__ACTION ITEM__.
How many lines in these records hold the string "assms"? Reply with the number alone.

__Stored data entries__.
lemma drift_sandwich_agree:
  fixes d :: "'a \<Rightarrow> real"
  assumes "finite V" and g_closed: "\<forall>z\<in>V. g z \<in> V" and h_closed: "\<forall>z\<in>V. h z \<in> V"
    and g_up: "\<forall>z\<in>V. \<delta> + d z \<le> d (g z)"
    and g_strict: "\<forall>z\<in>V. g z \<noteq> f z \<longrightarrow> \<delta> + d z < d (g z)"
    and h_down: "\<forall>z\<in>V. d (h z) \<le> \<delta> + d z"
    and h_strict: "\<forall>z\<in>V. h z \<noteq> f z \<longrightarrow> d (h z) < \<delta> + d z"
    and same_orbit: "\<And>y y' p p'. y \<in> V \<Longrightarrow> 0 < p \<Longrightarrow> (f ^^ p) y = y
      \<Longrightarrow> y' \<in> V \<Longrightarrow> 0 < p' \<Longrightarrow> (f ^^ p') y' = y' \<Longrightarrow> \<exists>s. y' = (f ^^ s) y"
    and "k \<in> V"
  shows "g k = f k \<and> h k = f k"
proof -
  have "\<delta> \<le> 0" using drift_nonpos[OF \<open>finite V\<close> g_closed g_up \<open>k \<in> V\<close>] .
  have "\<forall>z\<in>V. - \<delta> + - d z \<le> - d (h z)" using h_down by force
  from drift_nonpos[OF \<open>finite V\<close> h_closed this \<open>k \<in> V\<close>] \<open>\<delta> \<le> 0\<close> have "\<delta> = 0" by simp
  then have g_mono: "\<forall>z\<in>V. d z \<le> d (g z)"
    and g_strict_mono: "\<forall>z\<in>V. g z \<noteq> f z \<longrightarrow> d z < d (g z)"
    and h_mono: "\<forall>z\<in>V. - d z \<le> - d (h z)"
    and h_strict_mono: "\<forall>z\<in>V. h z \<noteq> f z \<longrightarrow> - d z < - d (h z)"
    using g_up g_strict h_down h_strict by auto
  have "g k \<in> V" "h k \<in> V" using g_closed h_closed \<open>k \<in> V\<close> by auto
  obtain y p where "y \<in> V" "0 < p" "(f ^^ p) y = y" "d (g k) \<le> d y"
    and d_orbit: "\<And>t. d ((f ^^ t) y) = d y"
    using reaches_periodic_point[OF \<open>finite V\<close> g_closed g_mono g_strict_mono \<open>g k \<in> V\<close>] by blast
  obtain y' p' where "y' \<in> V" "0 < p'" "(f ^^ p') y' = y'" "- d (h k) \<le> - d y'"
    using reaches_periodic_point[OF \<open>finite V\<close> h_closed h_mono h_strict_mono \<open>h k \<in> V\<close>] by blast
  obtain s where "y' = (f ^^ s) y"
    using same_orbit[OF \<open>y \<in> V\<close> \<open>0 < p\<close> \<open>(f ^^ p) y = y\<close> \<open>y' \<in> V\<close> \<open>0 < p'\<close> \<open>(f ^^ p') y' = y'\<close>] ..
  then have "d y' = d y" using d_orbit by simp
  have "d k \<le> d (g k)" "d (h k) \<le> d k" using g_mono h_mono \<open>k \<in> V\<close> by auto
  with \<open>d (g k) \<le> d y\<close> \<open>- d (h k) \<le> - d y'\<close> \<open>d y' = d y\<close>
  have "\<not> d k < d (g k)" "\<not> - d k < - d (h k)" by linarith+
  then show ?thesis using g_strict_mono h_strict_mono \<open>k \<in> V\<close> by blast
qed
(* Let $n$ be a positive even integer and let $(a_{i,j})_{1\le i\ne j\le n}$ be a family of real numbers. Choose uniformly at random a subset of exactly $n/2$ indices of $\{1,\dots,n\}$ (sampling without replacement), and set $\varepsilon_i=1$ if $i$ is picked and $\varepsilon_i=-1$ otherwise. Let $$Z=\sum_{i\neq j}\varepsilon_i\varepsilon_j a_{i,j}.$$ Then there exist positive absolute constants $c$ and $C$ (not depending on $n$, on the $a_{i,j}$, or on $x$) such that for all $x>0$, $$\mathbb{P}\Big(Z\ge c\, n\max_{i\ne j}|a_{i,j}|\,(x+\log n)\Big)\le C e^{-x}.$$
   Context: The sum defining $Z$ runs over all ordered pairs $(i,j)$ with $1\le i,j\le n$ and $i\ne j$. The only randomness is the uniform choice of the subset of size $n/2$. *)

theory Defs
  imports "HOL-Probability.Probability"
begin

definition half_subsets :: "nat \<Rightarrow> nat set set" where
  "half_subsets n = {S. S \<subseteq> {1..n} \<and> card S = n div 2}"

definition eps :: "nat set \<Rightarrow> nat \<Rightarrow> real" where
  "eps S i = (if i \<in> S then 1 else -1)"

definition Zsum :: "nat \<Rightarrow> (nat \<Rightarrow> nat \<Rightarrow> real) \<Rightarrow> nat set \<Rightarrow> real" where
  "Zsum n a S = (\<Sum>i\<in>{1..n}. \<Sum>j\<in>{1..n} - {i}. eps S i * eps S j * a i j)"

definition maxabs :: "nat \<Rightarrow> (nat \<Rightarrow> nat \<Rightarrow> real) \<Rightarrow> real" where
  "maxabs n a = Max {\<bar>a i j\<bar> | i j. i \<in> {1..n} \<and> j \<in> {1..n} \<and> i \<noteq> j}"

end

theory Submission
  imports Defs
begin

(* Under independent uniform signs (all S in Pow {1..n}), the exponential moment of Z / (8 n M),
   M = max |a_ij|, is at most 14. Conditioning on exactly n/2 positive signs costs at most the factor
   2^n / binom(n, n/2) <= n + 1, which the log n in the threshold absorbs; Markov's inequality then
   gives the tail bound with c = 8 and C = 28.

   The moment bound is by decoupling. Averaging over all T in Pow {1..n} gives 4 * sum_T Z_T = 2^n Z for
   Z_T = sum_{i in T, j notin T} eps_i eps_j a_ij, so by Jensen it suffices to bound exp(mu Z_T) on average.
   Given the signs outside T, Z_T is a Rademacher sum in the signs on T with coefficients
   b_i = sum_{j notin T} eps_j a_ij, so its exponential moment is at most that of mu^2/2 sum_i b_i^2.
   Jensen over i in T reduces this to exp(theta b_i^2) for a single subgaussian b_i, which is summed
   over the layers k s <= |b_i| < (k + 1) s using the Chernoff tail bound. *)

lemma cosh_le_exp_half_square:
  fixes x :: real
  shows "exp x + exp (- x) \<le> 2 * exp (x\<^sup>2 / 2)"
proof -
  have "exp y + exp (- y) \<le> 2 * exp (y\<^sup>2 / 2)" if "y \<ge> 0" for y :: real
  proof -
    have "ln (1 + 1/2 * (exp (2 * y) - 1)) - 2 * y * (1/2) \<le> (2 * y)\<^sup>2 / 8"
      using Hoeffdings_lemma_aux[of "2 * y" "1/2"] that by simp
    then have "ln ((1 + exp (2 * y)) / 2) \<le> y\<^sup>2 / 2 + y"
      by (simp add: power2_eq_square field_simps)
    then have "(1 + exp (2 * y)) / 2 \<le> exp (y\<^sup>2 / 2 + y)"
      by (metis exp_le_cancel_iff exp_ln add_pos_pos exp_gt_zero half_gt_zero zero_less_one)
    then have "(1 + exp (2 * y)) / 2 * exp (- y) \<le> exp (y\<^sup>2 / 2 + y) * exp (- y)"
      by (rule mult_right_mono) simp
    then show ?thesis
      by (simp add: field_simps flip: exp_add)
  qed
  from this[of "\<bar>x\<bar>"] show ?thesis
    by (cases "x \<ge> 0") (simp_all add: add.commute)
qed

lemma card_exp_Markov_inequality:
  fixes f :: "'a \<Rightarrow> real"
  assumes "finite P" and "H \<subseteq> P" and "l \<ge> 0"
  shows "real (card {S\<in>H. t \<le> f S}) * exp (l * t) \<le> (\<Sum>S\<in>P. exp (l * f S))"
proof -
  have "real (card {S\<in>H. t \<le> f S}) * exp (l * t) = (\<Sum>S\<in>{S\<in>H. t \<le> f S}. exp (l * t))"
    by simp
  also have "\<dots> \<le> (\<Sum>S\<in>{S\<in>H. t \<le> f S}. exp (l * f S))"
    using assms(3) by (intro sum_mono) (simp add: mult_left_mono)
  also have "\<dots> \<le> (\<Sum>S\<in>P. exp (l * f S))"
    using assms(1,2) by (intro sum_mono2) auto
  finally show ?thesis .
qed

lemma sum_Pow_exp_signed_sum:
  assumes "finite J"
  shows "(\<Sum>V\<in>Pow J. exp (\<Sum>j\<in>J. eps V j * c j)) = (\<Prod>j\<in>J. exp (c j) + exp (- c j))"
proof -
  have "exp (\<Sum>j\<in>J. eps V j * c j) = (\<Prod>j\<in>V. exp (c j)) * (\<Prod>j\<in>J - V. exp (- c j))"
    if "V \<subseteq> J" for V
  proof -
    have "exp (\<Sum>j\<in>J. eps V j * c j) = (\<Prod>j\<in>J - V. exp (eps V j * c j)) * (\<Prod>j\<in>V. exp (eps V j * c j))"
      using assms that by (simp add: exp_sum prod.subset_diff)
    then show ?thesis
      by (simp add: eps_def mult.commute)
  qed
  then show ?thesis
    by (simp add: prod_add[OF assms])
qed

__REPLY TO THE TASK__.
4